# About this exercise
Report back every line in the data that includes the string "noteq".

# Data section

locale tsls_array =
  fixes M :: "nat \<Rightarrow> 'a measure"
    and z :: "nat \<Rightarrow> nat \<Rightarrow> 'a \<Rightarrow> real^'k"
    and v eps x y :: "nat \<Rightarrow> nat \<Rightarrow> 'a \<Rightarrow> real"
    and \<pi> :: "real^'k" and Q :: "real^'k^'k"
    and \<beta> \<tau> \<sigma>v2 \<sigma>e2 \<eta> C :: real
  assumes prob: "\<And>n. prob_space (M n)"
    and meas_z: "\<And>n i. z n i \<in> borel_measurable (M n)"
    and meas_v: "\<And>n i. v n i \<in> borel_measurable (M n)"
    and meas_e: "\<And>n i. eps n i \<in> borel_measurable (M n)"
    and indep: "\<And>n. prob_space.indep_vars (M n) (\<lambda>_. borel)
                   (\<lambda>i \<omega>. (z n i \<omega>, v n i \<omega>, eps n i \<omega>)) {..<n}"
    and ident: "\<And>n i. i < n \<Longrightarrow>
                   distr (M n) borel (\<lambda>\<omega>. (z n i \<omega>, v n i \<omega>, eps n i \<omega>))
                 = distr (M n) borel (\<lambda>\<omega>. (z n 0 \<omega>, v n 0 \<omega>, eps n 0 \<omega>))"
    and ze: "\<And>n i. i < n \<Longrightarrow> (\<integral>\<omega>. eps n i \<omega> *\<^sub>R z n i \<omega> \<partial>M n) = 0"
    and zv: "\<And>n i. i < n \<Longrightarrow> (\<integral>\<omega>. v n i \<omega> *\<^sub>R z n i \<omega> \<partial>M n) = 0"
    and ev: "\<And>n i. i < n \<Longrightarrow> (\<integral>\<omega>. eps n i \<omega> * v n i \<omega> \<partial>M n) = \<tau> / sqrt (real n)"
    and \<eta>: "0 < \<eta>"
    and moments: "\<forall>n i. i < n \<longrightarrow>
        (\<integral>\<^sup>+\<omega>. ennreal (norm (z n i \<omega>) powr (4 + \<eta>)) \<partial>M n) \<le> ennreal C \<and>
        (\<integral>\<^sup>+\<omega>. ennreal (\<bar>eps n i \<omega>\<bar> powr (4 + \<eta>)) \<partial>M n) \<le> ennreal C \<and>
        (\<integral>\<^sup>+\<omega>. ennreal (\<bar>v n i \<omega>\<bar> powr (4 + \<eta>)) \<partial>M n) \<le> ennreal C"
    and lim_Q: "(\<lambda>n. \<integral>\<omega>. outer (z n 0 \<omega>) (z n 0 \<omega>) \<partial>M n) \<longlonglongrightarrow> Q"
    and Q_pos: "pos_def_mat Q"
    and lim_v: "(\<lambda>n. \<integral>\<omega>. (v n 0 \<omega>)\<^sup>2 \<partial>M n) \<longlonglongrightarrow> \<sigma>v2" and \<sigma>v2_pos: "\<sigma>v2 > 0"
    and lim_e: "(\<lambda>n. \<integral>\<omega>. (eps n 0 \<omega>)\<^sup>2 \<partial>M n) \<longlonglongrightarrow> \<sigma>e2" and \<sigma>e2_pos: "\<sigma>e2 > 0"
    and e1: "(\<lambda>n. (\<integral>\<omega>. (eps n 0 \<omega>)\<^sup>2 *\<^sub>R outer (z n 0 \<omega>) (z n 0 \<omega>) \<partial>M n)
               - (\<integral>\<omega>. (eps n 0 \<omega>)\<^sup>2 \<partial>M n) *\<^sub>R (\<integral>\<omega>. outer (z n 0 \<omega>) (z n 0 \<omega>) \<partial>M n))
             \<longlonglongrightarrow> 0"
    and e2: "(\<lambda>n. (\<integral>\<omega>. ((eps n 0 \<omega>)\<^sup>2 * v n 0 \<omega>) *\<^sub>R z n 0 \<omega> \<partial>M n)
               - (\<integral>\<omega>. (eps n 0 \<omega>)\<^sup>2 \<partial>M n) *\<^sub>R (\<integral>\<omega>. v n 0 \<omega> *\<^sub>R z n 0 \<omega> \<partial>M n))
             \<longlonglongrightarrow> 0"
    and e3: "(\<lambda>n. (\<integral>\<omega>. (eps n 0 \<omega>)\<^sup>2 * (v n 0 \<omega>)\<^sup>2 \<partial>M n)
               - (\<integral>\<omega>. (eps n 0 \<omega>)\<^sup>2 \<partial>M n) * (\<integral>\<omega>. (v n 0 \<omega>)\<^sup>2 \<partial>M n))
             \<longlonglongrightarrow> 0"
    and x_def: "\<And>n i \<omega>. x n i \<omega> = z n i \<omega> \<bullet> \<pi> + v n i \<omega>"
    and \<pi>_nz: "\<pi> \<noteq> 0"
    and y_def: "\<And>n i \<omega>. y n i \<omega> = \<beta> * x n i \<omega> + eps n i \<omega>"
begin
definition small_pairs :: "nat \<Rightarrow> nat \<Rightarrow> nat \<Rightarrow> (nat \<Rightarrow> real) \<Rightarrow> bool" where
  "small_pairs n A i v \<longleftrightarrow>
     (\<forall>t\<in>{1..n}. v t \<ge> 0) \<and> tail_sum n v > 0 \<and> v 1 \<le> tail_sum n v \<and>
     (\<forall>j. 1 \<le> j \<and> j \<le> n div 2 - 1 \<and> j \<noteq> (i - 1) div 2 \<longrightarrow>
        real A * (v (2 * j) + v (2 * j + 1)) \<le> 3/5 * tail_sum n v)"

lemma small_pairs_unitvec:
  assumes "odd i" "3 \<le> i" "i \<le> n - 1"
  shows "small_pairs n A i (unitvec i)"
proof -
  have "tail_sum n (unitvec i) = 1"
    unfolding tail_sum_def unitvec_def using assms by simp
  moreover have "unitvec i (2 * j) = 0" "unitvec i (2 * j + 1) = 0" if "j \<noteq> (i - 1) div 2" for j
    using that assms unfolding unitvec_def by auto
  ultimately show ?thesis
    unfolding small_pairs_def using assms by (auto simp: unitvec_def)
qed

lemma small_pairs_matvec_Theta:
  assumes n: "even n" "n \<ge> 4" and v: "small_pairs n A' i v"
    and A': "A' \<ge> 2" and A_c': "5 * A \<le> c'"
  shows "small_pairs n A i (matvec n (Theta n A' c') v)"
proof -
  define x where "x = matvec n (Theta n A' c') v"
  define S where "S = tail_sum n v"
  have v_nonneg: "\<forall>t\<in>{1..n}. v t \<ge> 0" and S_pos: "S > 0" and "v 1 \<le> S"
    and v_pairs: "\<And>j. 1 \<le> j \<and> j \<le> n div 2 - 1 \<and> j \<noteq> (i - 1) div 2 \<Longrightarrow>
        real A' * (v (2 * j) + v (2 * j + 1)) \<le> 3/5 * S"
    using v unfolding small_pairs_def S_def by blast+
  have x_nonneg: "\<forall>t\<in>{1..n}. x t \<ge> 0"
    unfolding x_def using v_nonneg by (blast intro: matvec_Theta_nonneg)
  have "x n \<le> tail_sum n x"
    unfolding tail_sum_def using x_nonneg n by (intro member_le_sum) auto
  moreover have "x n = v 1 + (real c' + 1) * S" and "x 1 = v 1 + real c' * S"
    unfolding x_def S_def using n matvec_Theta_last_row matvec_Theta_first_row by simp_all
  moreover have "v 1 \<ge> 0"
    using v_nonneg n by simp
  ultimately have tail_x: "real c' * S + S \<le> tail_sum n x" and "x 1 \<le> tail_sum n x"
    using \<open>v 1 \<le> S\<close> by (simp_all add: algebra_simps)
  have "real A * (x (2 * j) + x (2 * j + 1)) \<le> 3/5 * tail_sum n x"
    if j: "1 \<le> j \<and> j \<le> n div 2 - 1 \<and> j \<noteq> (i - 1) div 2" for j
  proof -
    have rows: "1 \<le> j" "2 * j + 1 < n"
      using j n by auto
    have "1 * v (2 * j) \<le> real A' * v (2 * j)" "2 * v (2 * j + 1) \<le> real A' * v (2 * j + 1)"
      using v_nonneg rows A' by (intro mult_right_mono; simp)+
    moreover have "x (2 * j) + x (2 * j + 1)
        = S + (real A' + 1) * v (2 * j) + (real A' + 2) * v (2 * j + 1)"
      unfolding x_def S_def matvec_Theta_pair_rows[OF rows] by (simp add: algebra_simps)
    ultimately have "x (2 * j) + x (2 * j + 1) \<le> S + 2 * (real A' * (v (2 * j) + v (2 * j + 1)))"
      by (simp add: algebra_simps)
    also have "\<dots> \<le> 3 * S"
      using v_pairs[OF j] S_pos by linarith
    finally have "real A * (x (2 * j) + x (2 * j + 1)) \<le> real A * (3 * S)"
      by (intro mult_left_mono) simp_all
    also have "\<dots> \<le> 3/5 * (real c' * S)"
      using A_c' S_pos by (simp add: mult_right_mono)
    finally show ?thesis
      using tail_x S_pos by linarith
  qed
  moreover have "tail_sum n x > 0"
    using tail_x S_pos zero_le_mult_iff[of "real c'" S] by linarith
  ultimately show ?thesis
    unfolding small_pairs_def x_def[symmetric]
    using x_nonneg \<open>x 1 \<le> tail_sum n x\<close> by blast
qed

# Reply to the task
    and \<pi>_nz: "\<pi> \<noteq> 0"
     (\<forall>j. 1 \<le> j \<and> j \<le> n div 2 - 1 \<and> j \<noteq> (i - 1) div 2 \<longrightarrow>
  moreover have "unitvec i (2 * j) = 0" "unitvec i (2 * j + 1) = 0" if "j \<noteq> (i - 1) div 2" for j
    and v_pairs: "\<And>j. 1 \<le> j \<and> j \<le> n div 2 - 1 \<and> j \<noteq> (i - 1) div 2 \<Longrightarrow>
    if j: "1 \<le> j \<and> j \<le> n div 2 - 1 \<and> j \<noteq> (i - 1) div 2" for j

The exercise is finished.